As mentioned before, `Count` can be applied to all types of features, but treats every feature as binary and ignores the value of the feature. `Sum` and `SumSq` can only be applied to Continuous features - they will ignore all other features you specify. By combining sum and sumsq and count, you can produce powerful “z-score” features or other distributional features using a post-transform.
It is also possible to add your own aggregate operators (e.g. `LastResetMetric <https://phabricator.twitter.biz/D228537>`_) to the framework with some additional work.
HalfLives
---------
`halfLives` specifies how fast aggregate features should be decayed.
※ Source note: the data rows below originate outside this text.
(* Let $t\ge 2$ be an integer, let $\mathcal A$ be an alphabet, and let $\mathfrak C_t$ be the simple 2-level network $([t,t+1],[t,t])$, with an adversary able to corrupt up to $t$ of the edges outgoing from the source. Then, for every positive integer $i$, the $i$-shot capacity of $\mathfrak C_t$ (in Scenario A.1 as well as in Scenario A.2) is \[C_i(\mathfrak C_t,\mathcal A,\mathbf A_{\mathfrak C_t})=1.\]
   Context: An alphabet is a finite set $\mathcal A$ with $|\mathcal A|\ge 2$. For positive integers $a_j,b_j$, the simple 2-level network $([a_1,\dots,a_n],[b_1,\dots,b_n])$ is the directed acyclic multigraph with a source $S$, intermediate nodes $V_1,\dots,V_n$, a single terminal $T$, exactly $a_j$ parallel edges from $S$ to $V_j$ and exactly $b_j$ parallel edges from $V_j$ to $T$, and no other edges. Each edge carries one symbol of $\mathcal A$. A network code is a family $\mathcal F=\{\mathcal F_{V_j}:\mathcal A^{a_j}\to\mathcal A^{b_j}\}_j$. In one use, the source sends $x\in\mathcal A^{a_1+\dots+a_n}$ on its outgoing edges (the set $\mathcal U_S$), the adversary may replace the symbols on up to $t$ edges of $\mathcal U_S$ by arbitrary symbols, each $V_j$ applies $\mathcal F_{V_j}$ to the symbols it receives and sends the result to $T$. The fan-out set $\Omega_{\mathcal F}(x)$ is the set of all vectors $T$ can receive. For $i$ uses with the same network code, the input is $(x^1,\dots,x^i)$ and: in Scenario A.1 the adversary fixes one set $W\subseteq\mathcal U_S$ with $|W|\le t$ and in each of the $i$ rounds may alter (arbitrarily, independently per round) only symbols on edges of $W$; in Scenario A.2 the adversary may choose a different set of at most $t$ edges in each round, so the fan-out set is $\Omega_{\mathcal F}(x^1)\times\dots\times\Omega_{\mathcal F}(x^i)$. A nonempty code $C\subseteq(\mathcal A^{a_1+\dots+a_n})^i$ is unambiguous if distinct codewords have disjoint fan-out sets. The $i$-shot capacity $C_i$ is the maximum of $\log_{|\mathcal A|}(|C|)/i$ over all network codes and unambiguous codes $C$. *)

theory Defs
  imports Main Complex_Main
begin

(* Simple 2-level network ([a_1..a_n],[b_1..b_n]) given by lists as, bs of equal length n.
   Source outgoing edges U_S are indexed 0..<sum_list as; the edges into V_j are the
   positions sum_list (take j as) ..< sum_list (take j as) + as!j. *)

definition vecs :: "'a set \<Rightarrow> nat \<Rightarrow> 'a list set" where
  "vecs A m = {u. length u = m \<and> set u \<subseteq> A}"

definition alphabet :: "'a set \<Rightarrow> bool" where
  "alphabet A \<longleftrightarrow> finite A \<and> card A \<ge> 2"

definition n_src :: "nat list \<Rightarrow> nat" where
  "n_src as = sum_list as"

definition slice :: "nat list \<Rightarrow> nat \<Rightarrow> 'a list \<Rightarrow> 'a list" where
  "slice as j y = take (as ! j) (drop (sum_list (take j as)) y)"

definition network_code :: "'a set \<Rightarrow> nat list \<Rightarrow> nat list \<Rightarrow> ('a list \<Rightarrow> 'a list) list \<Rightarrow> bool" where
  "network_code A as bs F \<longleftrightarrow> length as = length bs \<and> length F = length as \<and>
     (\<forall>j < length as. \<forall>u \<in> vecs A (as ! j). (F ! j) u \<in> vecs A (bs ! j))"

definition net_out :: "nat list \<Rightarrow> ('a list \<Rightarrow> 'a list) list \<Rightarrow> 'a list \<Rightarrow> 'a list" where
  "net_out as F y = concat (map (\<lambda>j. (F ! j) (slice as j y)) [0..<length as])"

definition fanout :: "'a set \<Rightarrow> nat list \<Rightarrow> ('a list \<Rightarrow> 'a list) list \<Rightarrow> nat \<Rightarrow> 'a list \<Rightarrow> 'a list set" where
  "fanout A as F t x = {net_out as F y | y. \<exists>W. W \<subseteq> {..<n_src as} \<and> card W \<le> t \<and>
       y \<in> vecs A (n_src as) \<and> (\<forall>e < n_src as. e \<notin> W \<longrightarrow> y ! e = x ! e)}"

datatype scenario = A1 | A2

fun fanout_multi :: "scenario \<Rightarrow> 'a set \<Rightarrow> nat list \<Rightarrow> ('a list \<Rightarrow> 'a list) list \<Rightarrow> nat \<Rightarrow> 'a list list \<Rightarrow> 'a list list set" where
  "fanout_multi A1 A as F t xs = {zs. length zs = length xs \<and>
       (\<exists>W. W \<subseteq> {..<n_src as} \<and> card W \<le> t \<and>
          (\<forall>r < length xs. \<exists>y. y \<in> vecs A (n_src as) \<and>
              (\<forall>e < n_src as. e \<notin> W \<longrightarrow> y ! e = xs ! r ! e) \<and> zs ! r = net_out as F y))}"
| "fanout_multi A2 A as F t xs = {zs. length zs = length xs \<and>
       (\<forall>r < length xs. zs ! r \<in> fanout A as F t (xs ! r))}"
It is important to note that the framework works on an incremental basis: in the batch implementation, the summingbird-scalding job takes in the most recently computed aggregate features, processed on data until day `N-1`, then reads new data records for day `N` and computes updated values of the aggregate features. Similarly, the decay of real-time aggregate features takes the actual time delta between the current time and the last time the aggregate feature value was updated.
The halflife `H` specifies how fast to decay old sums/counts to simulate a sliding window of counts. The implementation is such that it will take `H` amount of time to decay an aggregate feature to half its initial value. New observed values of sums/counts are added to the aggregate feature value.
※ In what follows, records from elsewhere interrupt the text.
(* Let $p\in[1,\infty]$, $d\in\mathbb N$, $m_0:=d$, $m_1\le m_2\le\cdots$ positive integers, $\mathbf W_n\in\mathbb R^{m_n\times m_{n-1}}$ and $\mathbf b_n\in\mathbb R^{m_n}$ for $n\in\mathbb N$. Suppose that for every sequence $(J_n)_{n\in\mathbb N}$ with $J_n\in\mathcal D_{m_n}$ both limits $$\lim_{n\to\infty}\mathbf I_{\infty,m_n}\prod_{i=1}^nJ_i\mathbf W_i \ \text{ in } \mathcal B(\mathbb R^d,\ell^p)\qquad\text{and}\qquad \lim_{n\to\infty}\mathbf I_{\infty,m_n}\sum_{i=1}^n\Big(\prod_{k=i+1}^nJ_k\mathbf W_k\Big)J_i\mathbf b_i\ \text{ in }\ell^p$$ exist. Then the ReLU networks $\mathcal N_n$ converge pointwise on $[0,1]^d$, i.e. for each $x\in[0,1]^d$ the sequence $\tilde{\mathcal N}_n(x)$ converges in $\ell^p$.
   Context: $\sigma(t)=\max(t,0)$ applied componentwise; $\mathcal N_n(x):=\big(\sigma(\mathbf W_n\cdot+\mathbf b_n)\circ\cdots\circ\sigma(\mathbf W_1\cdot+\mathbf b_1)\big)(x)\in\mathbb R^{m_n}$ for $x\in[0,1]^d$, and $\tilde{\mathcal N}_n(x)\in\ell^p$ is the sequence whose first $m_n$ entries are those of $\mathcal N_n(x)$ and whose remaining entries are $0$. $\mathcal D_m$ is the set of $m\times m$ diagonal matrices with diagonal entries in $\{0,1\}$. $\mathbf I_{\infty,m}$ is the matrix with infinitely many rows and $m$ columns whose top $m\times m$ block is the identity and all other entries zero (the embedding $\mathbb R^m\to\ell^p$). $\mathcal B(\mathbb R^d,\ell^p)$ is the Banach space of bounded linear operators $\mathbb R^d\to\ell^p$ with operator norm induced by $\ell^p$ norms. Products are ordered $\prod_{i=k}^nA_i=A_n\cdots A_k$, and an empty product ($n<k$) is the $m_n\times m_n$ identity. *)

theory Defs
  imports "HOL-Analysis.Analysis"
begin

text \<open>Real sequences (elements of R^nat), matrices with rows/columns indexed by nat.
  Finite vectors/matrices are represented by functions on nat with explicit size bounds.\<close>

definition relu :: "real \<Rightarrow> real" where
  "relu t = max t 0"

text \<open>Embedding I_{infty,k}: keep the first k entries, zero out the rest.\<close>
definition emb :: "nat \<Rightarrow> (nat \<Rightarrow> real) \<Rightarrow> (nat \<Rightarrow> real)" where
  "emb k v = (\<lambda>i. if i < k then v i else 0)"

definition embM :: "nat \<Rightarrow> (nat \<Rightarrow> nat \<Rightarrow> real) \<Rightarrow> (nat \<Rightarrow> nat \<Rightarrow> real)" where
  "embM k A = (\<lambda>i j. if i < k then A i j else 0)"

definition lp_norm :: "ereal \<Rightarrow> (nat \<Rightarrow> real) \<Rightarrow> real" where
  "lp_norm p x = (if p = \<infinity> then Sup (range (\<lambda>i. \<bar>x i\<bar>))
     else (\<Sum>i. \<bar>x i\<bar> powr real_of_ereal p) powr (1 / real_of_ereal p))"

definition in_lp :: "ereal \<Rightarrow> (nat \<Rightarrow> real) \<Rightarrow> bool" where
  "in_lp p x = (if p = \<infinity> then bdd_above (range (\<lambda>i. \<bar>x i\<bar>))
     else summable (\<lambda>i. \<bar>x i\<bar> powr real_of_ereal p))"

definition lp_converges :: "ereal \<Rightarrow> (nat \<Rightarrow> nat \<Rightarrow> real) \<Rightarrow> bool" where
  "lp_converges p X = (\<exists>y. in_lp p y \<and> (\<lambda>n. lp_norm p (\<lambda>i. X n i - y i)) \<longlonglongrightarrow> 0)"

definition op_norm :: "ereal \<Rightarrow> nat \<Rightarrow> (nat \<Rightarrow> nat \<Rightarrow> real) \<Rightarrow> real" where
  "op_norm p d A = Sup {lp_norm p (\<lambda>i. \<Sum>j<d. A i j * v j) | v. lp_norm p (emb d v) \<le> 1}"

text \<open>Convergence in B(R^d, l^p): the limit is a bounded operator, i.e. a matrix whose
  d columns lie in l^p.\<close>
definition op_converges :: "ereal \<Rightarrow> nat \<Rightarrow> (nat \<Rightarrow> nat \<Rightarrow> nat \<Rightarrow> real) \<Rightarrow> bool" where
  "op_converges p d X = (\<exists>L. (\<forall>j<d. in_lp p (\<lambda>i. L i j)) \<and>
      (\<lambda>n. op_norm p d (\<lambda>i j. X n i j - L i j)) \<longlonglongrightarrow> 0)"

definition matmul :: "nat \<Rightarrow> (nat \<Rightarrow> nat \<Rightarrow> real) \<Rightarrow> (nat \<Rightarrow> nat \<Rightarrow> real) \<Rightarrow> (nat \<Rightarrow> nat \<Rightarrow> real)" where
  "matmul k A B = (\<lambda>i j. \<Sum>l<k. A i l * B l j)"

definition matvec :: "nat \<Rightarrow> (nat \<Rightarrow> nat \<Rightarrow> real) \<Rightarrow> (nat \<Rightarrow> real) \<Rightarrow> (nat \<Rightarrow> real)" where
  "matvec k A v = (\<lambda>i. \<Sum>l<k. A i l * v l)"

definition idM :: "nat \<Rightarrow> (nat \<Rightarrow> nat \<Rightarrow> real)" where
  "idM k = (\<lambda>i j. if i = j \<and> i < k then 1 else 0)"

definition diagM :: "nat \<Rightarrow> (nat \<Rightarrow> real) \<Rightarrow> (nat \<Rightarrow> nat \<Rightarrow> real)" where
  "diagM k J = (\<lambda>i j. if i = j \<and> i < k then J i else 0)"

text \<open>prodR m W J k n = prod_{l=k}^n J_l W_l  (= J_n W_n ... J_k W_k), an m_n x m_{k-1} matrix;
  the empty product (n < k) is the m_n x m_n identity. Only used with k \<ge> 1.\<close>
fun prodR :: "(nat \<Rightarrow> nat) \<Rightarrow> (nat \<Rightarrow> nat \<Rightarrow> nat \<Rightarrow> real) \<Rightarrow> (nat \<Rightarrow> nat \<Rightarrow> real)
     \<Rightarrow> nat \<Rightarrow> nat \<Rightarrow> (nat \<Rightarrow> nat \<Rightarrow> real)" where
  "prodR m W J k 0 = idM (m 0)"
| "prodR m W J k (Suc n) = (if Suc n < k then idM (m (Suc n))
     else matmul (m (Suc n)) (diagM (m (Suc n)) (J (Suc n)))
            (matmul (m n) (W (Suc n)) (prodR m W J k n)))"

definition biasSum :: "(nat \<Rightarrow> nat) \<Rightarrow> (nat \<Rightarrow> nat \<Rightarrow> nat \<Rightarrow> real) \<Rightarrow> (nat \<Rightarrow> nat \<Rightarrow> real)
     \<Rightarrow> (nat \<Rightarrow> nat \<Rightarrow> real) \<Rightarrow> nat \<Rightarrow> (nat \<Rightarrow> real)" where
  "biasSum m W b J n = (\<lambda>r. \<Sum>i\<in>{1..n}.
      matvec (m i) (prodR m W J (i + 1) n) (matvec (m i) (diagM (m i) (J i)) (b i)) r)"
.. admonition:: Batch and real-time
In the batch use case where aggregate features are recomputed on a daily basis, we typically take halflives on the order of weeks or longer (in Timelines, 50 days). In the real-time use case, shorter halflives are appropriate (hours) since they are updated as client engagements are received by the summingbird job.
SQL Equivalent
--------------
Conceptually, you can also think of it as:
.. code-block:: sql
INSERT INTO <outputStore>.<aggregatePrefix>
SELECT AGG(<features>) /* AGG is <metrics>, which is a exponentially decaying SUM or COUNT etc. based on the halfLifves */
FROM (
SELECT preTransformOpt(*) FROM <inputSource>
)
GROUP BY <keys>
WHERE <labels> = True
any_features is AGG(*).
any_labels removes the WHERE clause.